Tubular Mitochondrial Pyruvate Carrier Disruption Elicits Redox Adaptations that Protect from Acute Kidney Injury.

Energy-intensive kidney reabsorption processes essential for normal whole-body function are maintained by tubular epithelial cell metabolism. Tubular metabolism changes markedly following acute kidney injury (AKI), but which changes are adaptive versus maladaptive remain poorly understood. In publicly available data sets, we noticed a consistent downregulation of the mitochondrial pyruvate carrier (MPC) after AKI, which we experimentally confirmed.
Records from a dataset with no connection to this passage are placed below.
(* Let $q>1$ and let $\rho$ be a positive $2\pi$-periodic $C^2$ function with $(\ln\rho)''(t)<\sqrt{q}/(1+\sqrt{q})$ for all $t$. For $\eta\in\mathbb{S}^1$ and $j,l\in\{1,2\}$ let $\mathcal{T}_{j,l}\eta$ be defined as follows: with $\eta_l=(-1)^{l-1}\eta$, $\theta_q=\arccos(1/\sqrt{q})$ and $h(\theta)=\frac{\sqrt{q}\sin\theta}{\sqrt{q}\cos\theta+1}$, the equation $(\ln\rho)'(\theta)=h(\theta-\theta_{\eta_l})$ has exactly two solutions $\theta\in\mathbb{R}/(2\pi\mathbb{Z})$; $\mathcal{T}_{1,l}\eta$ is the one with $\theta-\theta_{\eta_l}\in(\theta_q-\pi,\pi-\theta_q)$ and $\mathcal{T}_{2,l}\eta$ the one with $\theta-\theta_{\eta_l}\in(\pi-\theta_q,\pi+\theta_q)$ (mod $2\pi$). Then for each $j,l\in\{1,2\}$, $\mathcal{T}_{j,l}:\mathbb{S}^1\to\mathbb{S}^1$ is a bijection, and, viewed as a map $\mathbb{R}/(2\pi\mathbb{Z})\to\mathbb{R}/(2\pi\mathbb{Z})$ via $\eta\leftrightarrow\theta_\eta$, it is $C^1$ and locally strictly increasing.
   Context: We identify $\mathbb{S}^1$ with $\mathbb{R}/(2\pi\mathbb{Z})$ via $\theta\mapsto(\cos\theta,\sin\theta)^T$; $\theta_\eta$ denotes the angular coordinate of $\eta$. "Locally strictly increasing" (and $C^1$) means: for any $t_0\in\mathbb{R}$ and $\kappa\in\mathbb{Z}$, the lift $\mathcal{T}_{j,l}:(t_0,t_0+2\pi)\to(\theta_0+2\kappa\pi,\theta_0+2(\kappa+1)\pi)$, with $\theta_0$ a representative of $\mathcal{T}_{j,l}t_0$, is strictly increasing and $C^1$. *)

theory Defs
  imports "HOL-Analysis.Analysis"
begin
(* Let $m$ be an even positive integer and let $a\ge 1$. Let $\mathcal{H}_\infty$ be the $m$-order infinite dimensional generalized Hilbert tensor and, for a positive integer $n$, $\mathcal{H}_n$ the $m$-order $n$-dimensional generalized Hilbert tensor, with entries $$\mathcal{H}_{i_1 i_2\cdots i_m}=\frac{1}{i_1+i_2+\cdots+i_m-m+a}$$ (with $i_1,\dots,i_m$ ranging over all positive integers for $\mathcal{H}_\infty$, and over $\{1,\dots,n\}$ for $\mathcal{H}_n$). Then both are positive definite, i.e. $$\mathcal{H}_\infty x^m=\sum_{i_1,\dots,i_m=1}^\infty \frac{x_{i_1}\cdots x_{i_m}}{i_1+\cdots+i_m-m+a}>0\quad\text{for all nonzero } x\in l^1,$$ $$\mathcal{H}_n x^m=\sum_{i_1,\dots,i_m=1}^n \frac{x_{i_1}\cdots x_{i_m}}{i_1+\cdots+i_m-m+a}>0\quad\text{for all nonzero } x\in\mathbb{R}^n.$$
   Context: $l^1$ denotes the space of real sequences $x=(x_i)_{i=1}^\infty$ with $\sum_{i=1}^\infty |x_i|<\infty$; the series defining $\mathcal{H}_\infty x^m$ converges absolutely for $x\in l^1$. *)

theory Defs
  imports "HOL-Analysis.Analysis"
begin

text \<open>Sequences x = (x_i)_{i>=1} are modelled as functions nat => real; the value x 0
is irrelevant. Index tuples (i_1,...,i_m) are functions {..<m} => nat (extensional).\<close>

definition ghilbert_entry :: "nat \<Rightarrow> real \<Rightarrow> (nat \<Rightarrow> nat) \<Rightarrow> real" where
  "ghilbert_entry m a i = 1 / ((\<Sum>k<m. real (i k)) - real m + a)"

definition in_l1 :: "(nat \<Rightarrow> real) \<Rightarrow> bool" where
  "in_l1 x \<longleftrightarrow> (\<lambda>i. \<bar>x i\<bar>) summable_on {1..}"

definition ghilbert_inf_form :: "nat \<Rightarrow> real \<Rightarrow> (nat \<Rightarrow> real) \<Rightarrow> real" where
  "ghilbert_inf_form m a x =
     infsum (\<lambda>i. ghilbert_entry m a i * (\<Prod>k<m. x (i k))) (PiE {..<m} (\<lambda>_. {1..}))"

definition ghilbert_fin_form :: "nat \<Rightarrow> real \<Rightarrow> nat \<Rightarrow> (nat \<Rightarrow> real) \<Rightarrow> real" where
  "ghilbert_fin_form m a n x =
     (\<Sum>i\<in>PiE {..<m} (\<lambda>_. {1..n}). ghilbert_entry m a i * (\<Prod>k<m. x (i k)))"

end

theory Submission
  imports Defs "HOL-Complex_Analysis.Cauchy_Integral_Formula"
begin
To test the functional consequences of MPC downregulation, we generated novel tubular epithelial cell-specific Mpc1 knockout (MPC TubKO) mice. 13C-glucose tracing, steady-state metabolomic profiling, and enzymatic activity assays revealed that MPC TubKO coordinately increased activities of the pentose phosphate pathway and the glutathione and thioredoxin oxidant defense systems. Following rhabdomyolysis-induced AKI, MPC TubKO decreased markers of kidney injury and oxidative damage and strikingly increased survival. Our findings suggest that decreased mitochondrial pyruvate uptake is a central adaptive response following AKI and raise the possibility of therapeutically modulating the MPC to attenuate AKI severity.